Well, there certainly have been some interesting articles about food in news sources over the last week. NUVO's informative article about factory livestock farming had me, as expected, nodding my head in agreement and admiring Hoosier advocates for healthier farming practices. The widespread reporting on KFC's new double down "sandwich" has me doing less head-nodding, but such is life. What has me thinking the most and reflecting on my own life is the NYTimes Magazine article "The Fat Trap." This article, which is essentially about the hand-wringing challenge of trying to raise a daughter who is healthy and does not possess a "complicated" relationship with food, made me really sad.

 Print by johnwgolden for sale on etsy.
Not sure if this approach is advocated by Orenstein or me.

Essentially, Peggy Orenstein writes a lot about the Obama's public conversations about the health and weight of their daughters, the statistics of both eating disorders and obesity, a little about the problem of Berkley moms (why not dads?) being overly competitive and judgmental about food sources and a little bit more about her own attempts to raise a daughter who "watches her size and accepts her body". Her approach is a "conscious antidiet" and "studied unconcern" when dealing with food and her weight, tossing out the scale and not fetishizing food. But, despite these efforts, she still has a six-year-old daughter asking her to stay slim. 

This is all just depressing for me, as a woman who loves food and who tries each day to make food a health or enjoyment choice and not a moral choice. I made it through years of childhood dance classes, recitals and competition as a perfectionist kid who, amazingly, never adopted a lot of the diet dysfunction of many dancers who surrounded me. I also grew up in a house where we had lots of food choices, mostly healthy, and with parents who seldom, if ever, commented on people's appearances. Though my dad ate lots of junk food and took me along to eat with him, we always had fruit around, too. And none of our choices felt morally coded.

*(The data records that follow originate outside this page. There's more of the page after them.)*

lemma det_submatrix_weighted_cycle:
  fixes M :: "'a::comm_ring_1 mat"
  assumes inj: "inj_on e {..<r}"
    and dims: "\<And>s. s < r \<Longrightarrow> e s < dim_row M" "\<And>s. s < r \<Longrightarrow> e s < dim_col M"
    and entries: "\<And>s s'. s < r \<Longrightarrow> s' < r \<Longrightarrow>
      M $$ (e s, e s') = (if s' = Suc s mod r then W s else 0)"
  shows "det (submatrix M (e ` {..<r}) (e ` {..<r})) = (-1) ^ (r - 1) * (\<Prod>s<r. W s)"
proof -
  let ?I = "e ` {..<r}"
  have rows: "{i. i < dim_row M \<and> i \<in> ?I} = ?I" and cols: "{j. j < dim_col M \<and> j \<in> ?I} = ?I"
    using dims by blast+
  have card: "card ?I = r"
    using card_image[OF inj] by simp
  have carrier: "submatrix M ?I ?I \<in> carrier_mat r r"
    unfolding carrier_mat_def by (simp only: dim_submatrix rows cols card mem_Collect_eq simp_thms)
  \<comment> \<open>the position of row \<open>e s\<close> inside the submatrix\<close>
  define h where "h s = card {a \<in> ?I. a < e s}" for s
  have h_less: "h s < r" if "s < r" for s
  proof -
    have "e s \<in> ?I" "e s \<notin> {a \<in> ?I. a < e s}"
      using that by simp_all
    then have "{a \<in> ?I. a < e s} \<subset> ?I"
      by blast
    then have "card {a \<in> ?I. a < e s} < card ?I"
      by (intro psubset_card_mono) simp_all
    then show ?thesis unfolding h_def card .
  qed
  have h_inj: "inj_on h {..<r}"
  proof (rule inj_onI)
    fix s s' assume s: "s \<in> {..<r}" and s': "s' \<in> {..<r}" and "h s = h s'"
    have "e s = pick ?I (h s)" "e s' = pick ?I (h s')"
      using s s' by (simp_all add: h_def pick_card_in_set)
    then have "e s = e s'"
      using \<open>h s = h s'\<close> by simp
    then show "s = s'"
      by (rule inj_onD[OF inj _ s s'])
  qed
  have "h ` {..<r} \<subseteq> {..<r}"
    using h_less by auto
  then have h: "bij_betw h {..<r} {..<r}"
    unfolding bij_betw_def using endo_inj_surj[OF finite_lessThan _ h_inj] h_inj by blast
  have "submatrix M ?I ?I $$ (h s, h s') = (if s' = Suc s mod r then W s else 0)"
    if "s < r" "s' < r" for s s'
  proof -
    have "submatrix M ?I ?I $$ (h s, h s') = M $$ (e s, e s')"
      unfolding h_def using that by (intro submatrix_index_card) (simp_all add: dims)
    then show ?thesis
      using that by (simp add: entries)
  qed
  then show ?thesis
    by (rule det_weighted_cycle_mat[OF carrier h])
qed

section \<open>Products along a walk through the layers\<close>

text \<open>\<open>x t\<close> is a vertex of the layer \<open>V_(t mod k)\<close>, i.e. a row index of \<open>A (t mod k)\<close>,
whose only outgoing edge goes to \<open>x (Suc t)\<close>.\<close>

locale layered_walk =
  fixes k :: nat and n :: "nat \<Rightarrow> nat" and A :: "nat \<Rightarrow> real mat" and x :: "nat \<Rightarrow> nat"
  assumes carrier: "\<And>j. j < k \<Longrightarrow> A j \<in> carrier_mat (n j) (n (Suc j mod k))"
    and walk_index: "\<And>t. x t < n (t mod k)"
    and walk_row: "\<And>t b. b < n (Suc t mod k) \<Longrightarrow>
      A (t mod k) $$ (x t, b) = (if b = x (Suc t) then A (t mod k) $$ (x t, x (Suc t)) else 0)"
begin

To be honest, I've usually been a little bit on the "rounder" side of healthy, maybe because I love food, maybe because I'm less active than I'd like to be. I've had moments where I've been unhappy about how I look, but in the end, I'm most unhappy that I care so much. What I've found as an adult is that it's hard to spend much time with talented, accomplished, whipsmart women without hearing a lot about diets or calories. I've also found, at times, that it's hard not to join in. I'm not a mother, might not ever be, but I do know that I don't want the girls I know to spend their energy on worrying about looks, obsessing about the scale, or experimenting with unhealthy diets. There's much more to life.

I would really like to live in a world where we would address issues of women's weight as health issues, not as moral issues. And I'd like us to begin seeing boys' and girls' health on equal terms. If we want girls to stop pleading with their mothers to remain not-fat, then we need to realize that this is in many ways a gender issue and one that women tend to self-perpetuate. We also need to recognize that two parents are involved in raising kids, typically, and that it's not just up to mothers to help kids develop healthy relationships with food and exercise.